Once in a lifetime opportunity to roll money from IRA to HSA. Roth and TRAD are eligible not SEP or SIMPLE.

Publication 969 - page 6

Form 8889. Report all contributions to your HSA on Form 8889 and file it with your Form 1040 or Form 1040NR.

Additional tax - There is an additional 20% tax on the part of your distributions not used for qualified medical expenses. Figure the tax on Form 8889 and file it with your Form 1040 or Form 1040NR.

Max contribution and if employer puts money in then the employee can make up the difference. You can make only one qualified HSA funding distribution during your lifetime. However, if you make a distribution during a month when you have self-only HDHP coverage, you can make another qualified HSA funding distribution in a later month in that tax year if you change to family HDHP coverage. The total qualified HSA funding distribution cannot be more than the contribution limit for family HDHP coverage plus any additional contribution to which you are entitled.

 How is a HSA taxed upon distribution? 

Distributions may be tax free if you pay qualified medical expenses. The IRS requires you to prepare Form 8889 and attach it to your tax return when you take a distribution from an HSA. However, if your 1099-SA indicates you did not use the distribution for qualified medical expenses, you will pay income tax on the portion you used for unqualified expenses.

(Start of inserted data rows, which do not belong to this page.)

lemma closed_segment_linear_le_imp_start:
  fixes f :: "'a::real_vector \<Rightarrow> real"
  assumes "linear f" "q \<in> closed_segment a b" "f a < f b" "f q \<le> f a"
  shows "q = a"
proof -
  obtain t where t: "0 \<le> t" "q = (1 - t) *\<^sub>R a + t *\<^sub>R b"
    using assms(2) by (auto simp: closed_segment_def)
  have "f q = f a + t * (f b - f a)"
    unfolding t(2) by (simp only: linear_add[OF assms(1)] linear_scale[OF assms(1)]) (simp add: algebra_simps)
  then have "t = 0"
    using t(1) assms(3,4) by (smt (verit) mult_pos_pos)
  then show ?thesis using t(2) by simp
qed

lemma outside_if_ray_disjoint:
  fixes S :: "'a::real_normed_vector set"
  assumes "w \<noteq> 0" "\<And>t. 0 \<le> t \<Longrightarrow> b + t *\<^sub>R w \<notin> S"
  shows "b \<in> outside S"
proof -
  define ray where "ray = (\<lambda>t. b + t *\<^sub>R w) ` {0..}"
  have "connected ray"
    unfolding ray_def by (intro connected_continuous_image continuous_intros) auto
  moreover have "b \<in> ray" "ray \<subseteq> - S"
    using assms(2) by (force simp: ray_def)+
  ultimately have "ray \<subseteq> connected_component_set (- S) b"
    by (intro connected_component_maximal)
  moreover have "\<not> bounded ray"
  proof
    assume "bounded ray"
    then obtain B where B: "\<And>x. x \<in> ray \<Longrightarrow> norm x \<le> B"
      by (auto simp: bounded_iff)
    define t where "t = (B + norm b + 1) / norm w"
    have "0 \<le> B"
      using B[of b] \<open>b \<in> ray\<close> norm_ge_zero order_trans by blast
    then have "0 \<le> t" "t * norm w = B + norm b + 1"
      using assms(1) by (auto simp: t_def)
    moreover have "t * norm w - norm b \<le> norm (b + t *\<^sub>R w)"
      using norm_triangle_ineq2[of "t *\<^sub>R w" "- b"] \<open>0 \<le> t\<close> by (simp add: add.commute)
    ultimately show False
      using B[of "b + t *\<^sub>R w"] by (auto simp: ray_def)
  qed
  ultimately show ?thesis
    by (auto simp: outside dest: bounded_subset)
qed

lemma polygonal_path_Cons2:
  "xs \<noteq> [] \<Longrightarrow> polygonal_path (a # b # xs) = linepath a b +++ polygonal_path (b # xs)"
  by (cases xs) auto

lemma pathstart_polygonal_path [simp]: "pathstart (polygonal_path (a # xs)) = a"
  by (cases xs rule: polygonal_path.cases) auto

lemma pathfinish_polygonal_path: "l \<noteq> [] \<Longrightarrow> pathfinish (polygonal_path l) = last l"
  by (induction l rule: polygonal_path.induct) auto

lemma path_image_polygonal_path_Cons2:
  "path_image (polygonal_path (a # b # xs)) = closed_segment a b \<union> path_image (polygonal_path (b # xs))"
  by (cases "xs = []") (auto simp: polygonal_path_Cons2 path_image_join)

lemma path_image_polygonal_path_snoc:
  "l \<noteq> [] \<Longrightarrow>
   path_image (polygonal_path (l @ [b])) = path_image (polygonal_path l) \<union> closed_segment (last l) b"
  by (induction l rule: polygonal_path.induct) (auto simp: path_image_join)

lemma set_subset_path_image_polygonal_path: "set l \<subseteq> path_image (polygonal_path l)"
  by (induction l rule: polygonal_path.induct) (auto simp: path_image_join)

lemma path_image_polygonal_path_subset_convex:
  "convex K \<Longrightarrow> l \<noteq> [] \<Longrightarrow> set l \<subseteq> K \<Longrightarrow> path_image (polygonal_path l) \<subseteq> K"
  by (induction l rule: polygonal_path.induct)
     (auto simp: path_image_join closed_segment_subset)

lemma path_image_polygonal_path_monotone:
  fixes f :: "real^2 \<Rightarrow> real"
  assumes "linear f" "sorted_wrt (\<lambda>p q. f p < f q) (a # l)"
  shows "path_image (polygonal_path (a # l)) \<subseteq> insert a {q. f a < f q}"
  using assms(2)
proof (induction l arbitrary: a)
  case (Cons b l)
  have "closed_segment a b \<subseteq> insert a {q. f a < f q}"
    using closed_segment_linear_le_imp_start[OF assms(1)] Cons.prems by force
  moreover have "path_image (polygonal_path (b # l)) \<subseteq> insert a {q. f a < f q}"
    using Cons by force
  ultimately show ?case
    by (simp add: path_image_polygonal_path_Cons2)
qed simp

lemma arc_polygonal_path_monotone:
  fixes f :: "real^2 \<Rightarrow> real"
  assumes "linear f" "sorted_wrt (\<lambda>p q. f p < f q) (a # b # l)"
  shows "arc (polygonal_path (a # b # l))"
  using assms(2)
proof (induction l arbitrary: a b)
  case Nil
  then have "a \<noteq> b"
    by auto
  then show ?case
    by simp
next
  case (Cons c l)
  have "closed_segment a b \<inter> path_image (polygonal_path (b # c # l)) \<subseteq> {b}"
  proof
    fix q assume q: "q \<in> closed_segment a b \<inter> path_image (polygonal_path (b # c # l))"
    then have "f q \<le> f b"
      using linear_closed_segment_mem[OF assms(1)] Cons.prems
      by (fastforce simp: closed_segment_eq_real_ivl)
    then show "q \<in> {b}"
      using q path_image_polygonal_path_monotone[OF assms(1), of b "c # l"] Cons.prems by auto
  qed
  moreover have "a \<noteq> b"
    using Cons.prems by auto
  ultimately show ?case
    using Cons by (simp add: polygonal_path_Cons2 arc_join_eq)
qed

lemma polygonal_path_above_level_except_ends:
  fixes g :: "real^2 \<Rightarrow> real"
  assumes "linear g" "l \<noteq> []" "g a = c" "g b = c" "\<forall>v\<in>set l. c < g v"
    and "q \<in> path_image (polygonal_path (a # l @ [b]))" "g q \<le> c"
  shows "q = a \<or> q = b"
proof -
  have hd: "c < g (hd l)" and last: "c < g (last l)"
    using assms(2,5) by auto
  have "path_image (polygonal_path l) \<subseteq> g -` {c<..}"
    using assms(5) by (intro path_image_polygonal_path_subset_convex convex_linear_vimage assms(1,2)) auto
  moreover have "path_image (polygonal_path (a # l @ [b])) =
      closed_segment a (hd l) \<union> path_image (polygonal_path l) \<union> closed_segment (last l) b"
    using assms(2) path_image_polygonal_path_snoc[of "a # l" b]
    by (cases l) (auto simp: path_image_polygonal_path_Cons2)
  ultimately show ?thesis
    using assms(3,4,6,7) hd last closed_segment_linear_le_imp_start[OF assms(1)]
    by (fastforce simp: closed_segment_commute)
qed

lemma simple_path_polygon_cycle_monotone:
  fixes f g :: "real^2 \<Rightarrow> real"
  assumes "linear f" "linear g" "sorted_wrt (\<lambda>p q. f p < f q) (a # l @ [b])" "l \<noteq> []"
    and "g a = c" "g b = c" "\<forall>v\<in>set l. c < g v"
  shows "simple_path (polygon_cycle (b # a # l))"
proof -
  obtain x l' where l: "l = x # l'"
    using assms(4) by (cases l) auto
  have "a \<noteq> b"
    using assms(3) by auto
  moreover have "arc (polygonal_path (a # l @ [b]))"
    using arc_polygonal_path_monotone[OF assms(1)] assms(3) l by auto
  moreover have "closed_segment b a \<inter> path_image (polygonal_path (a # l @ [b])) \<subseteq> {b, a}"
  proof
    fix q assume q: "q \<in> closed_segment b a \<inter> path_image (polygonal_path (a # l @ [b]))"
    then have "g q = c"
      using linear_closed_segment_mem[OF assms(2), of q b a] assms(5,6) by simp
    then show "q \<in> {b, a}"
      using polygonal_path_above_level_except_ends[OF assms(2,4,5,6,7)] q by auto
  qed
  ultimately have "simple_path (linepath b a +++ polygonal_path (a # l @ [b]))"
    by (intro simple_path_join_loop) (auto simp: pathfinish_polygonal_path)
  then show ?thesis
    by (simp add: polygon_cycle_def polygonal_path_Cons2)
qed

(* Coordinates with respect to the axes (1, 0) and (-s, 1); a generic slope s separates the
   abscissae of finitely many points. *)
definition skew_abscissa :: "real \<Rightarrow> real^2 \<Rightarrow> real" where
  "skew_abscissa s p = p$1 + s * p$2"

definition skew_point :: "real \<Rightarrow> real \<Rightarrow> real \<Rightarrow> real^2" where
  "skew_point s x y = (\<chi> i. if i = 1 then x - s * y else y)"

lemma skew_point_simps [simp]:
  "skew_point s x y $ 1 = x - s * y" "skew_point s x y $ 2 = y" "skew_abscissa s (skew_point s x y) = x"
  by (auto simp: skew_point_def skew_abscissa_def)

lemma linear_skew_abscissa: "linear (skew_abscissa s)"
  by (auto intro!: linearI simp: skew_abscissa_def algebra_simps)

lemma finite_imp_inj_on_skew_abscissa:
  assumes "finite V"
  obtains s where "inj_on (skew_abscissa s) V"
proof -
  let ?slopes = "(\<lambda>(p, q). (q$1 - p$1) / (p$2 - q$2)) ` (V \<times> V)"
  have "finite ?slopes"
    using assms by simp
  then obtain s where s: "s \<notin> ?slopes"
    using ex_new_if_finite[OF infinite_UNIV_char_0] by blast
  have "p = q" if "p \<in> V" "q \<in> V" "skew_abscissa s p = skew_abscissa s q" for p q
  proof (cases "p$2 = q$2")
    case True
    then show ?thesis
      using that(3) by (simp add: vec_eq_iff forall_2 skew_abscissa_def)
  next
    case False
    then have "s = (q$1 - p$1) / (p$2 - q$2)"
      using that(3) by (simp add: skew_abscissa_def field_simps)
    then show ?thesis
      using s that(1,2) by force
  qed
  then show ?thesis
    by (intro that inj_onI) auto
qed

You report the taxable amount on the “other income” line of your tax return and write “HSA” beside it. You will also have to pay an additional tax of 20 percent on the taxable portion of your distribution, which you’ll calculate on Form 8889

 What is a qualified medical expense? 

Qualified medical expenses.  - Qualified medical expenses are those expenses that generally would qualify for the medical and dental expenses deduction. These are explained in Pub. 502, Medical and Dental Expenses. Also, non-prescription medicines (other than insulin) aren’t considered qualified medical expenses for HSA purposes.

A medicine or drug will be a qualified medical expense for HSA purposes only if the medicine or drug:

  1. 1. Requires a prescription,

  2. 2. Is available without a prescription (an over-the-counter medicine or drug) and you get a prescription for it, or

  3. 3. Is insulin. For HSA purposes, expenses incurred before you establish your HSA aren’t qualified medical expenses. State law determines when an HSA is established. An HSA that is funded by amounts rolled over from an Archer MSA or another HSA is established on the date the prior account was established.

 Will an employer contribution reduce the amount that and individual may contribute? 

  • Your maximum contribution is reduced by any employer contributions to your HSA, any contributions made to your Archer MSA, and any qualified HSA funding distributions.

  • You can claim a tax deduction for contributions you, or someone other than your employer, make to your HSA even if you don’t itemize your deductions on Schedule A (Form 1040).

  • Contributions to your HSA made by your employer (including contributions made through a cafeteria plan) may be excluded from your gross income. The contributions remain in your account until you use them.

  • The interest or other earnings on the assets in the account are tax free. Distributions may be tax free if you pay qualified medical expenses.

Publication 969 and Form 8889

 How do I report a contribution to a HSA?

In most cases, your HSA contribution is reported in Box 12 of your W-2 with the code W (Employer Contributions to Health Savings Account). 

If it is not deducted pretax from your W2 then you will need to take an above the line contribution for after tax contributions and you miss out on the saving of FICA but you still have the tax reduction.

Tip: Code W actually reports the combined contribution – yours plus your employer's. So if you contributed $1,500 to your HSA and your employer matched it dollar for dollar, Box 12 on your W-2 would show $3,000 with a code W.